Victim of alleged Facebook stalker speaks

BROWNS MILLS, N.J. - September 27, 2012

Police say Wyatt threatened to kidnap Caylie, along with more than two dozen other women and girls from twenty towns in New Jersey and as far away as Wisconsin.

"He said I had two weeks left to live before he brought me from point A to point B specifically," Boggess said.

He's being held in the Atlantic County Jail on multiple counts of making terroristic threats.

"It was just very nerve-wracking all the time. I never went anywhere by myself," Boggess said.

Police say Wyatt used Facebook to find his victims and then delivered his kidnapping threats in online messages or via cell phone after getting their numbers from their profiles.

When Caylie was threatened, her mom reported it to the Pemberton Police Department and to the Center for Missing and Exploited Children.

"I wasn't going to just lay down and let this happen. This is my daughter, I need to protect her.
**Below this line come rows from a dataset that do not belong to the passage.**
lemma binomial_series_even_part:
  fixes v A y :: real
  assumes "\<bar>y\<bar> < A"
  shows "(\<lambda>k. pochhammer v (2 * k) / fact (2 * k) * A powr (- v) * (y / A) ^ (2 * k)) sums
           (((A - y) powr (- v) + (A + y) powr (- v)) / 2)"
proof -
  have A: "A > 0" using assms by linarith
  define b where "b n = pochhammer v n / fact n * A powr (- v) * (y / A) ^ n" for n
  have binomial_term: "((- v) gchoose n) * A powr (- v - real n) * (c * y) ^ n = (- c) ^ n * b n" for n c
    using A by (simp add: b_def gbinomial_pochhammer powr_diff powr_realpow power_mult_distrib
        power_divide power_minus[of c])
  have "(\<lambda>n. (- 1) ^ n * b n) sums ((A + y) powr (- v))"
    using gen_binomial_real''[OF assms, of "- v"] binomial_term[of _ 1] by simp
  moreover have "b sums ((A - y) powr (- v))"
    using gen_binomial_real''[of "- y" A "- v"] assms binomial_term[of _ "- 1"] by simp
  ultimately have "(\<lambda>n. (b n + (- 1) ^ n * b n) / 2) sums (((A - y) powr (- v) + (A + y) powr (- v)) / 2)"
    by (intro sums_divide sums_add)
  moreover have "(b n + (- 1) ^ n * b n) / 2 = (if even n then b n else 0)" for n
    by simp
  ultimately have "(\<lambda>n. if even n then b n else 0) sums (((A - y) powr (- v) + (A + y) powr (- v)) / 2)"
    by simp
  then have "(\<lambda>k. if even (2 * k) then b (2 * k) else 0) sums (((A - y) powr (- v) + (A + y) powr (- v)) / 2)"
    by (subst sums_mono_reindex) (auto simp: strict_mono_def elim!: oddE)
  then show ?thesis by (simp add: b_def)
qed

lemma pochhammer_double_div_fact:
  fixes v :: real
  shows "pochhammer v (2 * k) / fact (2 * k) * pochhammer (1 / 2) k
         = pochhammer (v / 2) k * pochhammer ((v + 1) / 2) k / fact k"
proof -
  have v: "pochhammer v (2 * k) = 2 ^ (2 * k) * pochhammer (v / 2) k * pochhammer ((v + 1) / 2) k"
    using pochhammer_double[of "v / 2" k] by (simp add: add_divide_distrib)
  have fact: "(fact (2 * k) :: real) = 2 ^ (2 * k) * pochhammer (1 / 2) k * fact k"
    using pochhammer_double[of "1 / 2 :: real" k] by (simp add: pochhammer_fact)
  have "pochhammer (1 / 2 :: real) k > 0" by (rule pochhammer_pos) simp
  then show ?thesis unfolding v fact by simp
qed

lemma Beta_add_nat_left:
  fixes a b :: real
  assumes "a > 0" "b > 0"
  shows "Beta (a + real k) b = Beta a b * pochhammer a k / pochhammer (a + b) k"
proof -
  have "a \<notin> \<int>\<^sub>\<le>\<^sub>0" "a + b \<notin> \<int>\<^sub>\<le>\<^sub>0"
    using assms nonpos_Ints_nonpos by fastforce+
  then have "pochhammer a k = Gamma (a + k) / Gamma a" "pochhammer (a + b) k = Gamma (a + b + k) / Gamma (a + b)"
    by (simp_all add: pochhammer_Gamma)
  moreover have "Gamma a > 0" "Gamma (a + b) > 0" "Gamma (a + b + k) > 0"
    using assms by (simp_all add: Gamma_real_pos)
  ultimately show ?thesis
    by (simp add: Beta_def field_simps add_ac)
qed

lemma Beta_half_pochhammer_double:
  fixes v :: real
  assumes "v > 0"
  shows "pochhammer v (2 * k) / fact (2 * k) * Beta (real k + 1 / 2) v
         = Beta (1 / 2) v * hyp2F1_coeff (v / 2) ((v + 1) / 2) (v + 1 / 2) k"
proof -
  have "pochhammer v (2 * k) / fact (2 * k) * Beta (real k + 1 / 2) v
        = pochhammer v (2 * k) / fact (2 * k) * pochhammer (1 / 2) k * Beta (1 / 2) v / pochhammer (v + 1 / 2) k"
    using Beta_add_nat_left[of "1 / 2" v k] assms by (simp add: add.commute)
  also have "\<dots> = pochhammer (v / 2) k * pochhammer ((v + 1) / 2) k / fact k * Beta (1 / 2) v / pochhammer (v + 1 / 2) k"
    by (simp only: pochhammer_double_div_fact)
  finally show ?thesis
    by (simp add: hyp2F1_coeff_def mult_ac)
qed

section \<open>Integrals along a chord\<close>

lemma power2_powr:
  fixes x a :: real
  assumes "0 < x"
  shows "(x\<^sup>2) powr a = x powr (2 * a)"
proof -
  have "x\<^sup>2 = x powr 2"
    using assms by simp
  then show ?thesis
    by (simp only: powr_powr)
qed

lemma nn_integral_symmetrize:
  fixes f :: "real \<Rightarrow> real"
  assumes [measurable]: "f \<in> borel_measurable borel" and nonneg: "\<And>x. 0 \<le> f x"
  shows "(\<integral>\<^sup>+x\<in>{-r<..<r}. ennreal (f x) \<partial>lborel) = (\<integral>\<^sup>+x\<in>{-r<..<r}. ennreal ((f x + f (- x)) / 2) \<partial>lborel)"
proof -
  have half: "ennreal ((a + b) / 2) = ennreal (a / 2) + ennreal (b / 2)" if "0 \<le> a" "0 \<le> b" for a b :: real
    using that by (simp add: add_divide_distrib flip: ennreal_plus)
  have "(\<integral>\<^sup>+x\<in>{-r<..<r}. ennreal ((f x + f (- x)) / 2) \<partial>lborel)
        = (\<integral>\<^sup>+x\<in>{-r<..<r}. ennreal (f x / 2) \<partial>lborel) + (\<integral>\<^sup>+x\<in>{-r<..<r}. ennreal (f (- x) / 2) \<partial>lborel)"
    unfolding half[OF nonneg nonneg] distrib_right by (rule nn_integral_add; measurable)
  also have "(\<integral>\<^sup>+x\<in>{-r<..<r}. ennreal (f (- x) / 2) \<partial>lborel) = (\<integral>\<^sup>+x\<in>{-r<..<r}. ennreal (f x / 2) \<partial>lborel)"
    by (rule nn_integral_reflect_symmetric_interval[where f = "\<lambda>x. ennreal (f x / 2)"]) measurable
  also have "(\<integral>\<^sup>+x\<in>{-r<..<r}. ennreal (f x / 2) \<partial>lborel) + (\<integral>\<^sup>+x\<in>{-r<..<r}. ennreal (f x / 2) \<partial>lborel)
      = (\<integral>\<^sup>+x\<in>{-r<..<r}. ennreal ((f x + f x) / 2) \<partial>lborel)"
    unfolding half[OF nonneg nonneg] distrib_right by (rule nn_integral_add[symmetric]; measurable)
  finally show ?thesis
    by simp
qed

lemma nn_integral_sums:
  fixes f :: "nat \<Rightarrow> 'a \<Rightarrow> real"
  assumes [measurable]: "\<And>k. f k \<in> borel_measurable M" "A \<in> sets M"
    and nonneg: "\<And>k x. x \<in> A \<Longrightarrow> 0 \<le> f k x" and sums: "\<And>x. x \<in> A \<Longrightarrow> (\<lambda>k. f k x) sums g x"
  shows "(\<integral>\<^sup>+x\<in>A. ennreal (g x) \<partial>M) = (\<Sum>k. \<integral>\<^sup>+x\<in>A. ennreal (f k x) \<partial>M)"
proof -
  have "ennreal (g x) * indicator A x = (\<Sum>k. ennreal (f k x) * indicator A x)" for x
  proof (cases "x \<in> A")
    case True
    then show ?thesis
      using suminf_ennreal2[OF nonneg sums_summable[OF sums]] sums_unique[OF sums] by simp
  qed simp
  then show ?thesis
    by (simp only:) (rule nn_integral_suminf, measurable)
qed

lemma powr_Beta_substitution:
  fixes e r u :: real
  assumes u: "0 < u" "u \<le> r"
  shows "r powr (2 * e + real (2 * k) + 1) * (((u / r)\<^sup>2) powr (real k + 1 / 2 - 1) * (1 - (u / r)\<^sup>2) powr (e + 1 - 1)
           * (2 * u / r\<^sup>2))
         = 2 * ((r\<^sup>2 - u\<^sup>2) powr e * u ^ (2 * k))"
proof -
  have r: "0 < r"
    using u by linarith
  have "(u / r)\<^sup>2 powr (real k + 1 / 2 - 1) = (u / r) powr (real (2 * k) - 1)"
    using u r by (simp add: power2_powr algebra_simps)
  also have "\<dots> = u ^ (2 * k) / r ^ (2 * k) * (r / u)"
    using u r powr_realpow[of "u / r" "2 * k"] by (simp add: powr_diff power_divide)
  finally have 1: "(u / r)\<^sup>2 powr (real k + 1 / 2 - 1) = u ^ (2 * k) / r ^ (2 * k) * (r / u)" .
  have "1 - (u / r)\<^sup>2 = (r\<^sup>2 - u\<^sup>2) / r\<^sup>2"
    using r by (simp add: field_simps)
  moreover have "0 \<le> r\<^sup>2 - u\<^sup>2"
    using u by (simp add: power_mono)
  ultimately have 2: "(1 - (u / r)\<^sup>2) powr (e + 1 - 1) = (r\<^sup>2 - u\<^sup>2) powr e / r powr (2 * e)"
    using r by (simp add: powr_divide power2_powr)
  have 3: "r powr (2 * e + real (2 * k) + 1) = r powr (2 * e) * r ^ (2 * k) * r"
    using r powr_realpow[of r "2 * k"] by (simp add: powr_add)
  have "r powr (2 * e + real (2 * k) + 1) * (((u / r)\<^sup>2) powr (real k + 1 / 2 - 1) * (1 - (u / r)\<^sup>2) powr (e + 1 - 1)
          * (2 * u / r\<^sup>2))
      = (r powr (2 * e) * ((r\<^sup>2 - u\<^sup>2) powr e / r powr (2 * e)))
        * (r ^ (2 * k) * (u ^ (2 * k) / r ^ (2 * k))) * (r * (r / u) * (2 * u / r\<^sup>2))"
    unfolding 1 2 3 by (simp only: mult_ac)
  also have "\<dots> = 2 * ((r\<^sup>2 - u\<^sup>2) powr e * u ^ (2 * k))"
    using u r by (simp add: power2_eq_square)
  finally show ?thesis .
qed

lemma nn_integral_Beta_moment_half:
  fixes e r :: real
  assumes e: "e > -1" and r: "r > 0"
  shows "ennreal (r powr (2 * e + real (2 * k) + 1) * Beta (real k + 1 / 2) (e + 1))
         = 2 * (\<integral>\<^sup>+u\<in>{0..r}. ennreal ((r\<^sup>2 - u\<^sup>2) powr e * u ^ (2 * k)) \<partial>lborel)"
proof -
  define F where "F t = t powr (real k + 1 / 2 - 1) * (1 - t) powr (e + 1 - 1)" for t :: real
  define g where "g u = (u / r)\<^sup>2" for u
  define c where "c = r powr (2 * e + real (2 * k) + 1)"
  have [measurable]: "F \<in> borel_measurable borel"
    unfolding F_def by measurable
  have "(F has_integral Beta (real k + 1 / 2) (e + 1)) {0..1}"
    unfolding F_def using e by (intro has_integral_Beta_real) simp_all
  then have "(\<integral>\<^sup>+t\<in>{0..1}. ennreal (F t) \<partial>lborel) = ennreal (Beta (real k + 1 / 2) (e + 1))"
    by (intro nn_integral_has_integral_lebesgue'[where f = F and \<Omega> = "{0..1}"]) (simp add: F_def)
  moreover have "g 0 = 0" "g r = 1"
    using r by (simp_all add: g_def)
  ultimately have "ennreal (Beta (real k + 1 / 2) (e + 1)) = (\<integral>\<^sup>+t\<in>{g 0..g r}. ennreal (F t) \<partial>lborel)"
    by (simp only:)
  also have "\<dots> = (\<integral>\<^sup>+t. ennreal (F t * indicator {g 0..g r} t) \<partial>lborel)"
    by (intro nn_integral_cong) (simp add: indicator_def)
  also have "\<dots> = (\<integral>\<^sup>+u. ennreal (F (g u) * (2 * u / r\<^sup>2) * indicator {0..r} u) \<partial>lborel)"
  proof (rule nn_integral_substitution[where g' = "\<lambda>u. 2 * u / r\<^sup>2"])
    show "set_borel_measurable borel {g 0..g r} F"
      unfolding set_borel_measurable_def by measurable
    show "(g has_real_derivative 2 * u / r\<^sup>2) (at u)" for u
      unfolding g_def using r
      by (auto intro!: derivative_eq_intros simp: field_simps power2_eq_square)
  qed (use r in \<open>auto intro!: continuous_intros\<close>)
  finally have "ennreal (c * Beta (real k + 1 / 2) (e + 1))
      = ennreal c * (\<integral>\<^sup>+u. ennreal (F (g u) * (2 * u / r\<^sup>2) * indicator {0..r} u) \<partial>lborel)"
    by (simp add: c_def ennreal_mult')
  also have "\<dots> = (\<integral>\<^sup>+u. ennreal c * ennreal (F (g u) * (2 * u / r\<^sup>2) * indicator {0..r} u) \<partial>lborel)"
    by (rule nn_integral_cmult[symmetric]) (simp add: g_def)
  also have "\<dots> = (\<integral>\<^sup>+u\<in>{0..r}. ennreal (2 * ((r\<^sup>2 - u\<^sup>2) powr e * u ^ (2 * k))) \<partial>lborel)"
  proof (rule nn_integral_cong_AE)
    show "AE u in lborel. ennreal c * ennreal (F (g u) * (2 * u / r\<^sup>2) * indicator {0..r} u)
        = ennreal (2 * ((r\<^sup>2 - u\<^sup>2) powr e * u ^ (2 * k))) * indicator {0..r} u"
      using AE_lborel_singleton[of 0]
    proof eventually_elim
      case (elim u)
      have "0 \<le> c"
        by (simp add: c_def)
      then show ?case
        using elim powr_Beta_substitution[of u r e k]
        by (auto simp: F_def g_def c_def indicator_def simp flip: ennreal_mult')
    qed
  qed
  also have "\<dots> = 2 * (\<integral>\<^sup>+u\<in>{0..r}. ennreal ((r\<^sup>2 - u\<^sup>2) powr e * u ^ (2 * k)) \<partial>lborel)"
    by (simp add: ennreal_mult' nn_integral_cmult mult.assoc)
  finally show ?thesis
    by (simp only: c_def)
qed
I need to protect all my children," Cindy Boggess said.

State police were assisting Pemberton police with Caylie's case, when they got a call from Voorhees police, who were looking into four similar incidents.

"That's when we made the connection that it was actually the same suspect who's harassing all the girls; that's when it got larger," New Jersey State Police Detective Chris Camm said.